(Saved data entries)
= = =

(* Let $(\mathcal{M},\mathrm{dist})$ be a metric space, $\mathcal{F}\subset2^{\mathcal{M}}$, and $J:\mathcal{M}\to\mathbb{R}\cup\{+\infty\}$ lower semi-continuous, with $c=\inf_{A\in\mathcal{F}}\sup_{x\in A}J(x)\in\mathbb{R}$. Assume (F1) every $A\in\mathcal{F}$ is closed in $\mathcal{M}$, and (F2) there is $c'>c$ such that for every sequence $(A_n)\subset\mathcal{F}$ with $A_n\subset\mathcal{M}^{c'}$ for all $n$, $\limsup_nA_n\in\mathcal{F}$. Let $\eta:\mathcal{M}^{c'}\to\mathcal{M}^{c'}$ satisfy ($\eta$1) $\eta(A)\in\mathcal{F}$ whenever $A\in\mathcal{F}$ and $A\subset\mathcal{M}^{c'}$, and ($\eta$2) $J(\eta(x))\le J(x)$ for all $x\in\mathcal{M}^{c'}$. Suppose $(J,\eta)$ satisfies $(PS)_c$. Then for every $A\in\mathcal{F}$ with $\sup_AJ=c$ there exists $\bar x\in A\cap\mathcal{K}_c$; in particular $\mathcal{K}_c\neq\emptyset$.
   Context: $\mathcal{M}^{c'}=\{x\in\mathcal{M}:J(x)\le c'\}$. For sets $A_n\subset\mathcal{M}$, $\limsup_nA_n$ is the set of $x$ such that for some $n_j\to\infty$ there are $x_{n_j}\in A_{n_j}$ with $x_{n_j}\to x$. $\mathcal{K}_c=\{x\in\mathcal{M}:J(x)=J(\eta(x))=c\}$. $(J,\eta)$ satisfies $(PS)_c$ if for every sequence $(x_n)\subset\mathcal{M}$ with $J(x_n)\to c$ and $J(\eta(x_n))\to c$ (so $\eta(x_n)$ is defined for $n$ large) there is $\bar x\in\mathcal{K}_c$ such that, up to a subsequence, $x_n\to\bar x$. *)

theory Defs
  imports "HOL-Analysis.Analysis" "HOL-Library.Extended_Real"
begin

definition lsc_ereal :: "('a::topological_space \<Rightarrow> ereal) \<Rightarrow> bool" where
  "lsc_ereal J \<longleftrightarrow> (\<forall>t::ereal. closed {x. J x \<le> t})"

definition sublevel :: "('a \<Rightarrow> ereal) \<Rightarrow> real \<Rightarrow> 'a set" where
  "sublevel J c' = {x. J x \<le> ereal c'}"

definition seq_limsup_set :: "(nat \<Rightarrow> 'a::topological_space set) \<Rightarrow> 'a set" where
  "seq_limsup_set A = {x. \<exists>r xs. strict_mono r \<and> (\<forall>j. xs j \<in> A (r j)) \<and> xs \<longlonglongrightarrow> x}"

definition crit_set :: "('a \<Rightarrow> ereal) \<Rightarrow> ('a \<Rightarrow> 'a) \<Rightarrow> real \<Rightarrow> 'a set" where
  "crit_set J \<eta> c = {x. J x = ereal c \<and> J (\<eta> x) = ereal c}"

definition PS_cond :: "('a::metric_space \<Rightarrow> ereal) \<Rightarrow> ('a \<Rightarrow> 'a) \<Rightarrow> real \<Rightarrow> bool" where
  "PS_cond J \<eta> c \<longleftrightarrow>
     (\<forall>xs::nat \<Rightarrow> 'a. (\<lambda>n. J (xs n)) \<longlonglongrightarrow> ereal c \<and> (\<lambda>n. J (\<eta> (xs n))) \<longlonglongrightarrow> ereal c \<longrightarrow>
        (\<exists>xbar \<in> crit_set J \<eta> c. \<exists>r. strict_mono r \<and> (xs \<circ> r) \<longlonglongrightarrow> xbar))"

end

theory Submission
  imports Defs
begin

text \<open>Choose sets \<open>A\<^sub>n \<in> \<F>\<close> with \<open>sup J\<close> on \<open>A\<^sub>n\<close> tending to \<open>c\<close>; by (F2) their limsup \<open>B\<close> lies in
  \<open>\<F>\<close>, and lower semicontinuity gives \<open>sup J \<le> c\<close> on \<open>B\<close>, so the minimax value is attained.
  Given any \<open>A \<in> \<F>\<close> with \<open>sup J = c\<close> on \<open>A\<close>, also \<open>\<eta>(A) \<in> \<F>\<close>, so \<open>sup J \<circ> \<eta> \<ge> c\<close> on \<open>A\<close>; since
  \<open>J \<circ> \<eta> \<le> J \<le> c\<close> on \<open>A\<close>, a maximising sequence for \<open>J \<circ> \<eta>\<close> in \<open>A\<close> is a (PS)\<open>\<^sub>c\<close> sequence,
  and its limit is a critical point lying in the closed set \<open>A\<close>.\<close>

lemma ereal_SUP_approx_seq:
  fixes f :: "'a \<Rightarrow> ereal"
  assumes "ereal c \<le> (SUP x\<in>A. f x)" and "\<And>x. x \<in> A \<Longrightarrow> f x \<le> ereal c"
  obtains xs where "\<And>n. xs n \<in> A" and "(\<lambda>n. f (xs n)) \<longlonglongrightarrow> ereal c"
proof -
  have "\<exists>x\<in>A. ereal (c - 1 / real (Suc n)) < f x" for n
  proof -
    have "ereal (c - 1 / real (Suc n)) < ereal c" by simp
    also have "\<dots> \<le> (SUP x\<in>A. f x)" by (rule assms(1))
    finally show ?thesis by (simp add: less_SUP_iff)
  qed
  then obtain xs where xs: "\<And>n. xs n \<in> A" "\<And>n. ereal (c - 1 / real (Suc n)) < f (xs n)"
    by metis
  have "(\<lambda>n. c - 1 / real (Suc n)) \<longlonglongrightarrow> c - 0"
    by (intro tendsto_intros LIMSEQ_inverse_real_of_nat[unfolded inverse_eq_divide])
  then have lower_lim: "(\<lambda>n. ereal (c - 1 / real (Suc n))) \<longlonglongrightarrow> ereal c"
    by (simp add: tendsto_ereal)
  have "(\<lambda>n. f (xs n)) \<longlonglongrightarrow> ereal c"
    by (rule tendsto_sandwich[OF _ _ lower_lim tendsto_const])
       (use xs assms(2) in \<open>auto intro!: always_eventually less_imp_le\<close>)
  with xs(1) show thesis by (rule that)
qed

lemma lsc_ereal_seq_limsup_set_le:
  fixes J :: "'a::topological_space \<Rightarrow> ereal"
  assumes "lsc_ereal J"
    and "\<And>n y. y \<in> A n \<Longrightarrow> J y \<le> ereal (b n)"
    and "b \<longlonglongrightarrow> c"
    and "x \<in> seq_limsup_set A"
  shows "J x \<le> ereal c"
proof (rule ereal_le_epsilon2)
  fix e :: real assume "e > 0"
  from assms(4) obtain r xs where r: "strict_mono r" "\<And>j. xs j \<in> A (r j)" "xs \<longlonglongrightarrow> x"
    unfolding seq_limsup_set_def by blast
  have "(b \<circ> r) \<longlonglongrightarrow> c" using LIMSEQ_subseq_LIMSEQ[OF assms(3) r(1)] .
  then have "eventually (\<lambda>j. b (r j) < c + e) sequentially"
    using \<open>e > 0\<close> by (auto dest: order_tendstoD(2)[of _ _ _ "c + e"])
  then have eventually_in: "eventually (\<lambda>j. xs j \<in> {y. J y \<le> ereal (c + e)}) sequentially"
  proof eventually_elim
    case (elim j)
    have "J (xs j) \<le> ereal (b (r j))" using assms(2)[OF r(2)] .
    also have "\<dots> \<le> ereal (c + e)" using elim by simp
    finally show ?case by simp
  qed
  have "closed {y. J y \<le> ereal (c + e)}"
    using assms(1) unfolding lsc_ereal_def by blast
  then have "x \<in> {y. J y \<le> ereal (c + e)}"
    using eventually_in trivial_limit_sequentially r(3) by (rule Lim_in_closed_set)
  then show "J x \<le> ereal c + ereal e" by simp
qed

lemma minimax_value_attained:
  fixes J :: "'a::topological_space \<Rightarrow> ereal"
  assumes J_lsc: "lsc_ereal J"
    and c_def: "(INF A\<in>\<F>. SUP x\<in>A. J x) = ereal c"
    and "c' > c"
    and F2: "\<And>A. (\<And>n. A n \<in> \<F>) \<Longrightarrow> (\<And>n. A n \<subseteq> sublevel J c') \<Longrightarrow> seq_limsup_set A \<in> \<F>"
  obtains B where "B \<in> \<F>" and "(SUP x\<in>B. J x) = ereal c"
proof -
  define b where "b n = c + (c' - c) / real (Suc n)" for n
  have "\<exists>A\<in>\<F>. (SUP x\<in>A. J x) < ereal (b n)" for n
    using c_def \<open>c' > c\<close> by (simp add: b_def INF_less_iff[symmetric])
  then obtain A where A: "\<And>n. A n \<in> \<F>" "\<And>n. (SUP x\<in>A n. J x) < ereal (b n)"
    by metis
  have J_le_b: "J y \<le> ereal (b n)" if "y \<in> A n" for n y
    using A(2)[of n] SUP_upper[OF that, of J] by simp
  have "b n \<le> c'" for n
    using \<open>c' > c\<close> by (simp add: b_def field_simps mult_right_mono)
  then have "A n \<subseteq> sublevel J c'" for n
    unfolding sublevel_def using J_le_b by (fastforce intro: order_trans)
  then have B_in: "seq_limsup_set A \<in> \<F>"
    using F2 A(1) by blast
  have "b \<longlonglongrightarrow> c + 0"
    unfolding b_def by (intro tendsto_intros LIMSEQ_inverse_real_of_nat[unfolded inverse_eq_divide]
        tendsto_divide_0[OF tendsto_const] filterlim_real_sequentially
        filterlim_compose[OF _ filterlim_Suc])
  then have "\<And>x. x \<in> seq_limsup_set A \<Longrightarrow> J x \<le> ereal c"
    using lsc_ereal_seq_limsup_set_le[OF J_lsc J_le_b] by simp
  moreover have "ereal c \<le> (SUP x\<in>seq_limsup_set A. J x)"
    using c_def B_in by (metis INF_lower)
  ultimately have "(SUP x\<in>seq_limsup_set A. J x) = ereal c"
    by (meson SUP_least antisym)
  with B_in show thesis by (rule that)
qed

lemma crit_set_meets_closed_set:
  fixes J :: "'a::metric_space \<Rightarrow> ereal"
  assumes "closed A"
    and J_le: "\<And>x. x \<in> A \<Longrightarrow> J x \<le> ereal c"
    and image_sup: "ereal c \<le> (SUP y\<in>\<eta> ` A. J y)"
    and eta_descent: "\<And>x. x \<in> A \<Longrightarrow> J (\<eta> x) \<le> J x"
    and PS: "PS_cond J \<eta> c"
  shows "A \<inter> crit_set J \<eta> c \<noteq> {}"
proof -
  have J_eta_le: "J (\<eta> x) \<le> ereal c" if "x \<in> A" for x
    using eta_descent[OF that] J_le[OF that] by (rule order_trans)
  have "ereal c \<le> (SUP x\<in>A. J (\<eta> x))"
    using image_sup by (simp add: image_comp)
  then obtain xs where xs: "\<And>n. xs n \<in> A"
    and J_eta_lim: "(\<lambda>n. J (\<eta> (xs n))) \<longlonglongrightarrow> ereal c"
    using ereal_SUP_approx_seq J_eta_le by blast
  have "(\<lambda>n. J (xs n)) \<longlonglongrightarrow> ereal c"
    by (rule tendsto_sandwich[OF _ _ J_eta_lim tendsto_const])
       (use xs J_le eta_descent in auto)
  with PS J_eta_lim obtain x r
    where "x \<in> crit_set J \<eta> c" "strict_mono r" "(xs \<circ> r) \<longlonglongrightarrow> x"
    unfolding PS_cond_def by blast
  moreover have "x \<in> A"
    using closed_sequentially[OF \<open>closed A\<close>, of "xs \<circ> r"] xs \<open>(xs \<circ> r) \<longlonglongrightarrow> x\<close> by simp
  ultimately show ?thesis by blast
qed

theorem theorem2p4:
  fixes J :: "'a::metric_space \<Rightarrow> ereal"
    and \<F> :: "'a set set"
    and \<eta> :: "'a \<Rightarrow> 'a"
    and c c' :: real
  assumes J_not_minf: "\<And>x. J x \<noteq> -\<infinity>"
    and J_lsc: "lsc_ereal J"
    and c_def: "(INF A\<in>\<F>. SUP x\<in>A. J x) = ereal c"
    and F1: "\<And>A. A \<in> \<F> \<Longrightarrow> closed A"
    and c'_gt: "c' > c"
    and F2: "\<And>A. (\<And>n. A n \<in> \<F>) \<Longrightarrow> (\<And>n. A n \<subseteq> sublevel J c') \<Longrightarrow> seq_limsup_set A \<in> \<F>"
    and eta_maps: "\<And>x. x \<in> sublevel J c' \<Longrightarrow> \<eta> x \<in> sublevel J c'"
    and eta1: "\<And>A. A \<in> \<F> \<Longrightarrow> A \<subseteq> sublevel J c' \<Longrightarrow> \<eta> ` A \<in> \<F>"
    and eta2: "\<And>x. x \<in> sublevel J c' \<Longrightarrow> J (\<eta> x) \<le> J x"
    and PS: "PS_cond J \<eta> c"
  shows "(\<forall>A\<in>\<F>. (SUP x\<in>A. J x) = ereal c \<longrightarrow> A \<inter> crit_set J \<eta> c \<noteq> {})
         \<and> crit_set J \<eta> c \<noteq> {}"
proof -
  have meets: "A \<inter> crit_set J \<eta> c \<noteq> {}" if A: "A \<in> \<F>" "(SUP x\<in>A. J x) = ereal c" for A
  proof -
    have J_le: "J x \<le> ereal c" if "x \<in> A" for x
      using A(2) SUP_upper[OF that, of J] by simp
    then have "A \<subseteq> sublevel J c'"
      using c'_gt unfolding sublevel_def by (force intro: order_trans)
    then have "\<eta> ` A \<in> \<F>" and "\<And>x. x \<in> A \<Longrightarrow> J (\<eta> x) \<le> J x"
      using eta1 eta2 A(1) by auto
    moreover from this(1) have "ereal c \<le> (SUP y\<in>\<eta> ` A. J y)"
      using c_def by (metis INF_lower)
    ultimately show ?thesis
      using crit_set_meets_closed_set[OF F1[OF A(1)] J_le _ _ PS] by blast
  qed
  obtain B where "B \<in> \<F>" "(SUP x\<in>B. J x) = ereal c"
    using minimax_value_attained[OF J_lsc c_def c'_gt F2] by blast
  with meets show ?thesis by blast
qed

end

= = =

▸ **Work request**
Copy out each line of the data that has the word "imports" in it.

▸ **Written answer**
  imports "HOL-Analysis.Analysis" "HOL-Library.Extended_Real"
  imports Defs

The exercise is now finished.